We are talking about the reality of Si.
As real as it can become from an Se objective take on things.
The real observable behaviour of Si doms and their claim on your time and energy.


----------



## Mbaruh (Aug 22, 2013)

hornet said:


> The real observable behaviour of Si doms and their claim on your time and energy.


Hmm.. I don't seem to follow. Care to elaborate?


----------



## Inveniet (Aug 21, 2009)

mbaruh said:


> Hmm.. I don't seem to follow. Care to elaborate?


Si penetrates our society and creates traditions, norm and laws as to not rock the boat.
It is all about removing attention from the reality of life as it is and retreating into a mirage off it.
Every reminder of the object as it is revolts Si users. Hence they work hard to rein in Se users.
Ni and it's ideas are even more revolting as it implies that one can somehow predict things.
Si don't predict, it tries to force the world to become absolutely predictive by preserving status quos.
Ni doesn't need that as it can take any Se information and transform it into a pattern that can track
any occorance. Si can only draw on Ne a shapeshifting way of looking at the world.
A chaos function if you will. Where every possibility is dealt with at the same time as one massive intuitive object.
Ni retreats into it's own inner clean intuitive realm, free to follow any path regardless of outside chaos.
Without Si we wouldn't have as many boundaries as we have right now.
We would have more freedom as there wouldn't be so much fear of the reality of the sensed object.

George Carlin have a great take on this process.


----------



## Pau7 (Jun 20, 2013)

I'll give a rundown of how I experience things:

Fi: How does your core person and soul feel? An environment can just completely vibe with something inside of me, can seem mediocre, or bad (which I try to escape from). "Value judging" isn't really conscious, it's not like I usually think "I like this thing better, so I will do this." I just feel something deep down and just know it's right. Look into your person and think about how your current situation in life makes you feel. Feelings aren't the same as emotions - feelings are like colors in a sense, some being more positive and others more negative. Don't try to feel an emotion; instead, find the right feeling tone.

It can be so heavy and beautiful, feeling intense, or mediocre and lukewarm like brown. It can be intensely bad - everyone has experienced this when someone has cut you to your core with criticism. But, ignore the emotion and look deeper into what kind of tone it gives to your inner person. Judging whether someone is dangerous or not just from appearance is another way people use Fi.

Se: Look around and see things as they are.

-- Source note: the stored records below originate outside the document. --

(* Let $T>0$, $H_1,H_2\in(1/2,1)$ and $\rho\in[-1,1]$. Let $(\tilde W^1,\tilde W^2)$ be a two-dimensional standard Brownian motion, $W^1=\tilde W^1$, $W^2=\rho\tilde W^1+\sqrt{1-\rho^2}\,\tilde W^2$, and for $l=1,2$ let $B^l=(B^l_t)_{t\in[0,T]}$ be (a continuous modification of) the Wiener integral $B^l_t=\int_0^T K_{H_l}(t,s)\,dW^l_s$. Then for all $s,t\in[0,T]$, $$\mathbb E\{B^1_tB^2_s\}=\rho\, c_{H_1}c_{H_2}\int_0^t du\int_0^s dv\ \beta(u,v)\,|u-v|^{H_1+H_2-2}\,u^{H_1-H_2}\,v^{H_2-H_1},$$ where $\beta(u,v)=B(H_1-1/2,\,2-H_1-H_2)$ if $u\le v$ and $\beta(u,v)=B(H_2-1/2,\,2-H_1-H_2)$ if $v<u$.
   Context: $B(\cdot,\cdot)$ denotes the Beta function. For $H\in(1/2,1)$, $c_H=\sqrt{H(2H-1)/B(2-2H,H-1/2)}$ and $K_H(t,s)=c_H\mathbf 1_{(0,t)}(s)\,s^{1/2-H}\int_s^t(u-s)^{H-3/2}u^{H-1/2}\,du$ for $0\le s,t\le T$. *)

theory Defs
  imports "HOL-Probability.Probability"
begin

definition cH :: "real \<Rightarrow> real" where
  "cH H = sqrt (H * (2 * H - 1) / Beta (2 - 2 * H) (H - 1/2))"

definition KH :: "real \<Rightarrow> real \<Rightarrow> real \<Rightarrow> real" where
  "KH H t s = cH H * indicator {0<..<t} s * s powr (1/2 - H) *
      (LBINT u:{s..t}. (u - s) powr (H - 3/2) * u powr (H - 1/2))"

definition std_BM :: "'a measure \<Rightarrow> (real \<Rightarrow> 'a \<Rightarrow> real) \<Rightarrow> bool" where
  "std_BM M W \<longleftrightarrow>
     (\<forall>t. W t \<in> borel_measurable M) \<and>
     (\<forall>\<omega>\<in>space M. W 0 \<omega> = 0) \<and>
     (\<forall>\<omega>\<in>space M. continuous_on {0..} (\<lambda>t. W t \<omega>)) \<and>
     (\<forall>s t. 0 \<le> s \<and> s < t \<longrightarrow>
        distributed M lborel (\<lambda>\<omega>. W t \<omega> - W s \<omega>) (normal_density 0 (sqrt (t - s)))) \<and>
     (\<forall>(n::nat) (tt::nat \<Rightarrow> real). 0 \<le> tt 0 \<and> (\<forall>i<n. tt i < tt (Suc i)) \<longrightarrow>
        prob_space.indep_vars M (\<lambda>_. borel) (\<lambda>i \<omega>. W (tt (Suc i)) \<omega> - W (tt i) \<omega>) {..<n})"

definition step_fun :: "nat \<Rightarrow> (nat \<Rightarrow> real) \<Rightarrow> (nat \<Rightarrow> real) \<Rightarrow> (nat \<Rightarrow> real) \<Rightarrow> real \<Rightarrow> real" where
  "step_fun n c a b r = (\<Sum>i<n. c i * indicator {a i<..b i} r)"

definition step_int :: "(real \<Rightarrow> 'a \<Rightarrow> real) \<Rightarrow> nat \<Rightarrow> (nat \<Rightarrow> real) \<Rightarrow> (nat \<Rightarrow> real) \<Rightarrow> (nat \<Rightarrow> real) \<Rightarrow> 'a \<Rightarrow> real" where
  "step_int W n c a b \<omega> = (\<Sum>i<n. c i * (W (b i) \<omega> - W (a i) \<omega>))"

definition wiener_integral ::
  "'a measure \<Rightarrow> (real \<Rightarrow> 'a \<Rightarrow> real) \<Rightarrow> real \<Rightarrow> (real \<Rightarrow> real) \<Rightarrow> ('a \<Rightarrow> real) \<Rightarrow> bool" where
  "wiener_integral M W T f I \<longleftrightarrow>
     I \<in> borel_measurable M \<and>
     (\<exists>(n::nat \<Rightarrow> nat) (c::nat \<Rightarrow> nat \<Rightarrow> real) a b.
        (\<forall>k i. 0 \<le> a k i \<and> a k i \<le> b k i \<and> b k i \<le> T) \<and>
        ((\<lambda>k. \<integral>\<^sup>+ r\<in>{0..T}. ennreal ((f r - step_fun (n k) (c k) (a k) (b k) r)\<^sup>2) \<partial>lborel)
            \<longlonglongrightarrow> 0) \<and>
        ((\<lambda>k. \<integral>\<^sup>+ \<omega>. ennreal ((I \<omega> - step_int W (n k) (c k) (a k) (b k) \<omega>)\<^sup>2) \<partial>M)
            \<longlonglongrightarrow> 0))"

definition beta_fn :: "real \<Rightarrow> real \<Rightarrow> real \<Rightarrow> real \<Rightarrow> real" where
  "beta_fn H1 H2 u v = (if u \<le> v then Beta (H1 - 1/2) (2 - H1 - H2) else Beta (H2 - 1/2) (2 - H1 - H2))"

end

theory Submission
  imports Defs
begin

(* Since E[W1_x W2_y] = rho min(x,y), the covariance of two step-function integrals against
   W1 and W2 is rho times the L2(0,T) inner product of the step functions; passing to the L2
   limits that define the Wiener integrals gives E[B1_t B2_s] = rho \<integral>_0^T K_H1(t,r) K_H2(s,r) dr.
   Expanding both kernels and integrating in r first (Tonelli), for fixed u, v one meets
   \<integral>_0^min(u,v) r^(1-H1-H2) (u-r)^(H1-3/2) (v-r)^(H2-3/2) dr, which the substitution
   r = x u v / (v - u + x u) turns into a Beta integral over [0,1]. *)

section \<open>A Beta-type integral\<close>

lemma Beta_substitution_integrand:
  fixes a b u v x D :: real
  assumes "0 < u" "u < v" and x: "0 < x" "x < 1" and D: "D = v - u + x * u"
  shows "(x * u * v / D) powr (a - 1) * (u - x * u * v / D) powr (b - 1) * (v - x * u * v / D) powr (-(a + b))
          * (u * v * (v - u) / D\<^sup>2)
        = (u powr (a + b - 1) * v powr (-b) * (v - u) powr (-a)) * (x powr (a - 1) * (1 - x) powr (b - 1))"
proof -
  have Dpos: "D > 0" unfolding D using assms by (smt (verit) mult_pos_pos)
  have pos: "v - u > 0" "1 - x > 0" using assms by auto
  have e1: "u - x * u * v / D = u * (v - u) * (1 - x) / D"
    using Dpos unfolding D by (simp add: field_simps; simp add: algebra_simps)
  have e2: "v - x * u * v / D = v * (v - u) / D"
    using Dpos unfolding D by (simp add: field_simps; simp add: algebra_simps)
  have "(x * u * v / D) powr (a - 1) = exp ((a - 1) * (ln x + ln u + ln v - ln D))"
    and "(u * (v - u) * (1 - x) / D) powr (b - 1) = exp ((b - 1) * (ln u + ln (v - u) + ln (1 - x) - ln D))"
    and "(v * (v - u) / D) powr (-(a + b)) = exp ((-(a + b)) * (ln v + ln (v - u) - ln D))"
    using Dpos pos assms by (simp_all add: powr_def ln_mult ln_div)
  moreover have "u * v * (v - u) / D\<^sup>2 = exp (ln u + ln v + ln (v - u) - 2 * ln D)"
  proof -
    have "D\<^sup>2 = exp (2 * ln D)"
      using Dpos by (simp add: powr_def powr_numeral[symmetric])
    then show ?thesis using Dpos pos assms by (simp add: exp_diff exp_add)
  qed
  moreover have "u powr (a + b - 1) * v powr (-b) * (v - u) powr (-a) * (x powr (a - 1) * (1 - x) powr (b - 1))
     = exp ((a + b - 1) * ln u + (-b) * ln v + (-a) * ln (v - u) + (a - 1) * ln x + (b - 1) * ln (1 - x))"
    using pos assms by (simp add: powr_def exp_add exp_diff exp_minus field_simps)
  ultimately show ?thesis unfolding e1 e2
    by (simp only: exp_add[symmetric]) (simp add: algebra_simps)
qed

lemma nn_integral_Beta_kernel:
  fixes a b u v :: real
  assumes a: "a > 0" and b: "b > 0" and uv: "0 < u" "u < v"
  shows "(\<integral>\<^sup>+ r. ennreal (r powr (a - 1) * (u - r) powr (b - 1) * (v - r) powr (-(a + b)) * indicator {0<..<u} r) \<partial>lborel)
       = ennreal (Beta a b * (u powr (a + b - 1) * v powr (-b) * (v - u) powr (-a)))"
proof -
  define f where "f r = r powr (a - 1) * (u - r) powr (b - 1) * (v - r) powr (-(a + b))" for r
  define g where "g x = x * u * v / (v - u + x * u)" for x
  define g' where "g' x = u * v * (v - u) / (v - u + x * u)\<^sup>2" for x
  define C where "C = u powr (a + b - 1) * v powr (-b) * (v - u) powr (-a)"
  have Dpos: "v - u + x * u > 0" if "x \<in> {0..1}" for x
    using that uv by (smt (verit) atLeastAtMost_iff mult_nonneg_nonneg)
  have g0: "g 0 = 0" and g1: "g 1 = u" using uv by (auto simp: g_def)
  have "(\<integral>\<^sup>+ r. ennreal (f r * indicator {0<..<u} r) \<partial>lborel)
      = (\<integral>\<^sup>+ r. ennreal (f r * indicator {g 0..g 1} r) \<partial>lborel)"
    unfolding g0 g1 by (rule nn_integral_cong) (auto simp: f_def indicator_def)
  also have "\<dots> = (\<integral>\<^sup>+ x. ennreal (f (g x) * g' x * indicator {0..1} x) \<partial>lborel)"
  proof (rule nn_integral_substitution)
    show "set_borel_measurable borel {g 0..g 1} f"
      unfolding f_def set_borel_measurable_def by measurable
    show "(g has_real_derivative g' x) (at x)" if "x \<in> {0..1}" for x
      using Dpos[OF that] unfolding g_def g'_def
      by (auto intro!: derivative_eq_intros simp: field_simps power2_eq_square)
    show "continuous_on {0..1} g'"
      unfolding g'_def using Dpos by (auto intro!: continuous_intros) (smt (verit) Dpos atLeastAtMost_iff)
    show "0 \<le> g' x" if "x \<in> {0..1}" for x
      using uv unfolding g'_def by auto
  qed simp
  also have "\<dots> = (\<integral>\<^sup>+ x. ennreal C * ennreal (indicator {0..1} x * (x powr (a - 1) * (1 - x) powr (b - 1))) \<partial>lborel)"
  proof (rule nn_integral_cong)
    fix x :: real
    show "ennreal (f (g x) * g' x * indicator {0..1} x)
        = ennreal C * ennreal (indicator {0..1} x * (x powr (a - 1) * (1 - x) powr (b - 1)))"
    proof (cases "x \<in> {0<..<1}")
      case True
      then show ?thesis
        using Beta_substitution_integrand[OF uv, of x "v - u + x * u" a b]
        by (simp add: f_def g_def g'_def C_def ennreal_mult'[symmetric] mult_ac)
    next
      case False
      then consider "x = 0" | "x = 1" | "x \<notin> {0..1}" by fastforce
      then show ?thesis by cases (use uv in \<open>auto simp: f_def g_def g'_def\<close>)
    qed
  qed
  also have "\<dots> = ennreal C * ennreal (Beta a b)"
    by (subst nn_integral_cmult)
      (auto simp: nn_integral_has_integral_lebesgue[OF _ has_integral_Beta_real[OF a b]])
  also have "\<dots> = ennreal (Beta a b * C)"
    using a b by (simp add: ennreal_mult[symmetric] Beta_def Gamma_real_pos C_def mult.commute)
  finally show ?thesis unfolding f_def C_def by (simp add: mult_ac)
qed

lemma beta_fn_nonneg:
  assumes "1/2 < H1" "1/2 < H2" "H1 < 1" "H2 < 1"
  shows "beta_fn H1 H2 u v \<ge> 0"
  using assms unfolding beta_fn_def by (simp add: Beta_def Gamma_real_pos)

lemma nn_integral_KH_cross_kernel:
  fixes H1 H2 u v :: real
  assumes H: "1/2 < H1" "H1 < 1" "1/2 < H2" "H2 < 1" and uv: "0 < u" "0 < v" "u \<noteq> v"
  shows "(\<integral>\<^sup>+ r. ennreal (r powr (1 - H1 - H2) * (u - r) powr (H1 - 3/2) * (v - r) powr (H2 - 3/2)
            * indicator {0<..<min u v} r) \<partial>lborel)
     = ennreal (beta_fn H1 H2 u v * \<bar>u - v\<bar> powr (H1 + H2 - 2) * u powr (1/2 - H2) * v powr (1/2 - H1))"
proof (cases "u < v")
  case True
  have e: "2 - H1 - H2 - 1 = 1 - H1 - H2" "H1 - 1/2 - 1 = H1 - 3/2" "-(2 - H1 - H2 + (H1 - 1/2)) = H2 - 3/2"
     "2 - H1 - H2 + (H1 - 1/2) - 1 = 1/2 - H2" "-(H1 - 1/2) = 1/2 - H1" "-(2 - H1 - H2) = H1 + H2 - 2"
    by simp_all
  have *: "min u v = u" "\<bar>u - v\<bar> = v - u" "u \<le> v" using True by auto
  show ?thesis
    using nn_integral_Beta_kernel[of "2 - H1 - H2" "H1 - 1/2" u v] H uv True
    unfolding * e beta_fn_def by (simp add: Beta_commute mult_ac)
next
  case False
  then have "v < u" using uv by auto
  have e: "2 - H1 - H2 - 1 = 1 - H1 - H2" "H2 - 1/2 - 1 = H2 - 3/2" "-(2 - H1 - H2 + (H2 - 1/2)) = H1 - 3/2"
     "2 - H1 - H2 + (H2 - 1/2) - 1 = 1/2 - H1" "-(H2 - 1/2) = 1/2 - H2" "-(2 - H1 - H2) = H1 + H2 - 2"
    by simp_all
  have *: "min u v = v" "\<bar>u - v\<bar> = u - v" "\<not> u \<le> v" using \<open>v < u\<close> by auto
  show ?thesis
    using nn_integral_Beta_kernel[of "2 - H1 - H2" "H2 - 1/2" v u] H uv \<open>v < u\<close>
    unfolding * e beta_fn_def by (simp add: Beta_commute mult_ac)
qed

section \<open>Products of the kernels K_H\<close>

lemma nn_integral_shifted_powr:
  fixes p r c :: real
  assumes p: "p > -1" and c: "r \<le> c"
  shows "(\<integral>\<^sup>+ u. ennreal ((u - r) powr p * indicator {r..c} u) \<partial>lborel) = ennreal ((c - r) powr (p + 1) / (p + 1))"
proof -
  have "(\<integral>\<^sup>+ u. ennreal ((u - r) powr p * indicator {r..c} u) \<partial>lborel)
     = (\<integral>\<^sup>+ u. ennreal ((u - r) powr p * indicator {(\<lambda>x. x + r) 0..(\<lambda>x. x + r) (c - r)} u) \<partial>lborel)"
    by simp
  also have "\<dots> = (\<integral>\<^sup>+ x. ennreal (((x + r) - r) powr p * 1 * indicator {0..c - r} x) \<partial>lborel)"
    by (rule nn_integral_substitution)
      (use c in \<open>auto intro!: derivative_eq_intros simp: set_borel_measurable_def\<close>)
  also have "\<dots> = (\<integral>\<^sup>+ x. ennreal (indicator {0..c - r} x * x powr p) \<partial>lborel)"
    by (simp add: mult.commute)
  also have "\<dots> = ennreal ((c - r) powr (p + 1) / (p + 1))"
    by (rule nn_integral_has_integral_lebesgue) (use has_integral_powr_from_0[of p "c - r"] p c in auto)
  finally show ?thesis .
qed

definition KH_inner_integral :: "real \<Rightarrow> real \<Rightarrow> real \<Rightarrow> ennreal" where
  "KH_inner_integral H t r =
     (\<integral>\<^sup>+ u. ennreal ((u - r) powr (H - 3/2) * u powr (H - 1/2) * indicator {r<..t} u) \<partial>lborel)"

lemma KH_inner_integral_measurable [measurable]:
  "(\<lambda>r. KH_inner_integral H t r) \<in> borel_measurable lborel"
  unfolding KH_inner_integral_def indicator_def by (simp add: of_bool_def) measurable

Notice all the details, like how this lamp near me is dusty, but has clear spots where somebody brushed it with their finger. Notice all the different beats in music (or instruments, depending on what type of music) and try to identify each of them. Open a window and try to feel the air creeping in and really pay attention to the temperature difference.

Ni: Give a background to the things you see. Input some information in your head that seemingly doesn't go together, let it stew around while not really thinking about it, and wait for the aha! moment. Like in math class, when you have no idea what's going on, but then you suddenly completely understand it and the light bulb turns on.

Te: Figure out something you want (this is the goal). Figure out what the first step is towards your goal, then the next, and so on. Systematically organize things in an efficient way. It can be your drawers, your room, papers, etc.

I hope none of this is "fuzzy", and I'll try to clarify anything that seems that way.


----------



## Mbaruh (Aug 22, 2013)

hornet said:


> Si penetrates our society and creates traditions, norm and laws as to not rock the boat.
> It is all about removing attention from the reality of life as it is and retreating into a mirage off it.
> Every reminder of the object as it is revolts Si users. Hence they work hard to rein in Se users.
> Ni and it's ideas are even more revolting as it implies that one can somehow predict things.
> ...


The video is funny and very true, but I don't see what it has to do with Si.
Si relies on past experiences and the familiar to understand the present.
Something that I think greatly describes Si is the phrase "history repeats itself".
Si is not the process you described or that George Carlin described, it's the ability to identify the process.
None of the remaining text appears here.